(116c) On Instruction of Statics and Dynamics to a Large Class
AIChE Spring Meeting and Global Congress on Process Safety
Wednesday, April 4, 2012 - 9:00am to 9:30am
This study is based on instruction of Engineering Mechanics to 303 students in 7 semesters at a HBCU, historically black college and university. The statics section and dynamics section are instructed separately and a 4 credit combined statics and dynamics section is given every semester. The course was assessed using ABET criteria 3(a) and 3(e) skils.
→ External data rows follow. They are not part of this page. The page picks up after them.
(* For every natural number $n\ge1$, $bell(n)=bell_+(n)$.
   Context: $\Re_{n+1}$ denotes the real $(n+1)\times(n+1)$ matrices with indices $0\le i,j\le n$. $bell(n)$ is the set of all $(p_{ij})\in\Re_{n+1}$ such that $p_{00}=1$ and there exist a finite-dimensional Hilbert space $H$, projections $E_1,\dots,E_n,F_1,\dots,F_n$ on $H$, and a density operator $W$ on $H\otimes H$ with $p_{i0}=\mathrm{tr}[W(E_i\otimes I)]$, $p_{0j}=\mathrm{tr}[W(I\otimes F_j)]$, $p_{ij}=\mathrm{tr}[W(E_i\otimes F_j)]$ for $i,j=1,\dots,n$. $bell_+(n)$ is the set of all $(q_{ij})\in\Re_{n+1}$ such that there exist a finite-dimensional Hilbert space $H$, positive semidefinite operators $A_0=I,A_1,\dots,A_n$ and $B_0=I,B_1,\dots,B_n$ on $H$ whose spectra are contained in $[0,1]$, and a density operator $W$ on $H\otimes H$ with $q_{ij}=\mathrm{tr}[W(A_i\otimes B_j)]$ for all $i,j=0,1,\dots,n$. *)

theory Defs
  imports "Jordan_Normal_Form.Jordan_Normal_Form"
begin

text \<open>A finite-dimensional (complex) Hilbert space H is modelled as C^d for some d;
  operators on H are d x d complex matrices; H \<otimes> H is C^(d*d) and the tensor
  product of operators is the Kronecker product.\<close>

definition mtrace :: "complex mat \<Rightarrow> complex" where
  "mtrace A = (\<Sum>i<dim_row A. A $$ (i, i))"

definition adj :: "complex mat \<Rightarrow> complex mat" where
  "adj A = mat (dim_col A) (dim_row A) (\<lambda>(i, j). cnj (A $$ (j, i)))"

definition kron :: "complex mat \<Rightarrow> complex mat \<Rightarrow> complex mat" where
  "kron A B = mat (dim_row A * dim_row B) (dim_col A * dim_col B)
     (\<lambda>(i, j). A $$ (i div dim_row B, j div dim_col B) * B $$ (i mod dim_row B, j mod dim_col B))"

definition cinner :: "complex vec \<Rightarrow> complex vec \<Rightarrow> complex" where
  "cinner v w = (\<Sum>i<dim_vec v. cnj (v $ i) * w $ i)"

definition hermitian :: "nat \<Rightarrow> complex mat \<Rightarrow> bool" where
  "hermitian d A \<longleftrightarrow> A \<in> carrier_mat d d \<and> adj A = A"

definition projection :: "nat \<Rightarrow> complex mat \<Rightarrow> bool" where
  "projection d P \<longleftrightarrow> hermitian d P \<and> P * P = P"

definition psd :: "nat \<Rightarrow> complex mat \<Rightarrow> bool" where
  "psd d A \<longleftrightarrow> hermitian d A \<and>
     (\<forall>v \<in> carrier_vec d. cinner v (A *\<^sub>v v) \<in> \<real> \<and> 0 \<le> Re (cinner v (A *\<^sub>v v)))"

definition density :: "nat \<Rightarrow> complex mat \<Rightarrow> bool" where
  "density d W \<longleftrightarrow> psd d W \<and> mtrace W = 1"

definition spectrum :: "complex mat \<Rightarrow> complex set" where
  "spectrum A = {k. eigenvalue A k}"

definition bell :: "nat \<Rightarrow> real mat set" where
  "bell n = {p. p \<in> carrier_mat (n+1) (n+1) \<and> p $$ (0,0) = 1 \<and>
     (\<exists>(d::nat) (E :: nat \<Rightarrow> complex mat) (F :: nat \<Rightarrow> complex mat) (W :: complex mat).
        (\<forall>i\<in>{1..n}. projection d (E i)) \<and> (\<forall>j\<in>{1..n}. projection d (F j)) \<and>
        density (d*d) W \<and>
        (\<forall>i\<in>{1..n}. complex_of_real (p $$ (i,0)) = mtrace (W * kron (E i) (1\<^sub>m d))) \<and>
        (\<forall>j\<in>{1..n}. complex_of_real (p $$ (0,j)) = mtrace (W * kron (1\<^sub>m d) (F j))) \<and>
        (\<forall>i\<in>{1..n}. \<forall>j\<in>{1..n}. complex_of_real (p $$ (i,j)) = mtrace (W * kron (E i) (F j))))}"

definition bell_plus :: "nat \<Rightarrow> real mat set" where
  "bell_plus n = {q. q \<in> carrier_mat (n+1) (n+1) \<and>
     (\<exists>(d::nat) (A :: nat \<Rightarrow> complex mat) (B :: nat \<Rightarrow> complex mat) (W :: complex mat).
        A 0 = 1\<^sub>m d \<and> B 0 = 1\<^sub>m d \<and>
        (\<forall>i\<in>{1..n}. psd d (A i) \<and> spectrum (A i) \<subseteq> complex_of_real ` {0..1}) \<and>
        (\<forall>j\<in>{1..n}. psd d (B j) \<and> spectrum (B j) \<subseteq> complex_of_real ` {0..1}) \<and>
        density (d*d) W \<and>
        (\<forall>i\<in>{0..n}. \<forall>j\<in>{0..n}. complex_of_real (q $$ (i,j)) = mtrace (W * kron (A i) (B j))))}"

end

(*
  Projections are positive operators with spectrum in {0, 1}, so every Bell correlation
  matrix is a bell_plus matrix.

  Conversely, an effect A on C^d (a Hermitian operator with spectrum in [0, 1]) is the
  compression J^* E J of a projection E on C^2 (x) C^d along the isometry J v = e0 (x) v
  (Naimark dilation): the spectral theorem gives R = sqrt A and T = sqrt (1 - A), so that
  X v = e0 (x) R v + e1 (x) T v is an isometry, E = X X^* is a projection and
  J^* E J = R R^* = A. Replacing the state W by (J (x) J) W (J (x) J)^*, which is again a
  density operator, turns tr[W (A_i (x) B_j)] into tr[W' (E_i (x) F_j)].
*)

theory Submission
  imports Defs
begin

section \<open>Adjoints, traces and Kronecker products\<close>

lemma adj_dim [simp]: "dim_row (adj A) = dim_col A" "dim_col (adj A) = dim_row A"
  unfolding adj_def by simp_all
text \<open>In the limit the strict inequality of \<open>Qhat\<close> degenerates to \<open>\<le>\<close>.\<close>

lemma uniform_controls_if_spanning_families:
  fixes U :: "'u::metric_space set" and W :: "nat \<Rightarrow> nat \<Rightarrow> nat \<Rightarrow> 'u"
  assumes "compact U"
    and "\<forall>k. continuous_on (UNIV \<times> ctrl U) (\<lambda>(x, \<omega>). phi F k x \<omega>)"
    and W: "\<And>m j. W m j \<in> ctrl U"
    and cover: "\<And>m y. y \<in> Q \<Longrightarrow> \<exists>j<N. y \<in> Qhat F Q (Suc m) \<epsilon> (W m j)"
  obtains S where "finite S" "S \<subseteq> ctrl U"
    "\<And>y. y \<in> Q \<Longrightarrow> \<exists>\<omega>\<in>S. \<forall>k\<ge>1. avg_dist F Q k y \<omega> \<le> \<epsilon>"
proof -
  obtain \<Omega> r where \<Omega>: "\<And>j. \<Omega> j \<in> ctrl U" and r: "strict_mono r"
    and lim: "\<And>j. (\<lambda>m. W (r m) j) \<longlonglongrightarrow> \<Omega> j"
    using subseq_tendsto_ctrl_families[of U W, OF assms(1) W] by blast
  have good: "\<exists>j<N. \<forall>k\<ge>1. avg_dist F Q k y (\<Omega> j) \<le> \<epsilon>" if y: "y \<in> Q" for y
  proof -
    have "\<forall>m. \<exists>j\<in>{..<N}. y \<in> Qhat F Q (Suc (r m)) \<epsilon> (W (r m) j)"
      using cover[OF y] by blast
    then have "\<exists>\<^sub>F m in sequentially. \<exists>j\<in>{..<N}. y \<in> Qhat F Q (Suc (r m)) \<epsilon> (W (r m) j)"
      by (simp add: always_eventually eventually_frequently)
    from frequently_bex_finite[OF finite_lessThan this] obtain j where "j < N"
      and freq: "\<exists>\<^sub>F m in sequentially. y \<in> Qhat F Q (Suc (r m)) \<epsilon> (W (r m) j)"
      by blast
    have "avg_dist F Q k y (\<Omega> j) \<le> \<epsilon>" if "k \<ge> 1" for k
    proof (rule tendsto_le_if_frequently)
      show "(\<lambda>m. avg_dist F Q k y (W (r m) j)) \<longlonglongrightarrow> avg_dist F Q k y (\<Omega> j)"
        by (rule continuous_on_tendsto_compose[OF continuous_on_avg_dist[OF assms(2)] lim \<Omega>])
          (simp add: W)
      have "\<forall>\<^sub>F m in sequentially. k \<le> Suc (r m)"
        using eventually_ge_at_top[of k]
        by (rule eventually_mono) (meson le_SucI order_trans seq_suble[OF r])
      then have "\<forall>\<^sub>F m in sequentially. y \<in> Qhat F Q (Suc (r m)) \<epsilon> (W (r m) j) \<longrightarrow>
          avg_dist F Q k y (W (r m) j) \<le> \<epsilon>"
        by (rule eventually_mono) (meson \<open>k \<ge> 1\<close> less_imp_le avg_dist_less_if_mem_Qhat)
      with freq show "\<exists>\<^sub>F m in sequentially. avg_dist F Q k y (W (r m) j) \<le> \<epsilon>"
        by (rule frequently_rev_mp)
    qed
    with \<open>j < N\<close> show ?thesis by blast
  qed
  show ?thesis
  proof (rule that[of "\<Omega> ` {..<N}"])
    show "\<Omega> ` {..<N} \<subseteq> ctrl U"
      using \<Omega> by blast
    show "\<exists>\<omega>\<in>\<Omega> ` {..<N}. \<forall>k\<ge>1. avg_dist F Q k y \<omega> \<le> \<epsilon>" if "y \<in> Q" for y
      using good[OF that] by blast
  qed simp
qed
The course objectives are for the students to: (i) be able to construct free body diagrams; (ii) be able to apply the two laws of mechanical equilibrium, of translation and rotation; (iii) demonstrate the ability to use 10 different supports in equilibrium, problems; (iv) derive effect of distributed loads by using calculus and laws of equilibrium; (v) learn Coulomb's law of friction; (vi) be abe to device simple machines such as wedges, jack screws and belts using principles of friction; (vii) obtain center of gravity, centroid using integral calculus; (viii) obtain volumes and surface areas of objects of rotation; (ix) compute moments of inertia; (x) derive three laws of kinematics governing velocity, acceleration and displacement; (xi) apply to elevator design and projectile motion; (xii) learn Newton's laws of motion and gravitation; (xiii) derive the space flight trajectory in cyliindrical coordinates; (xiv) apply work and energy theorem; (xv) derive and apply three laws of kinematics of rigid bodies.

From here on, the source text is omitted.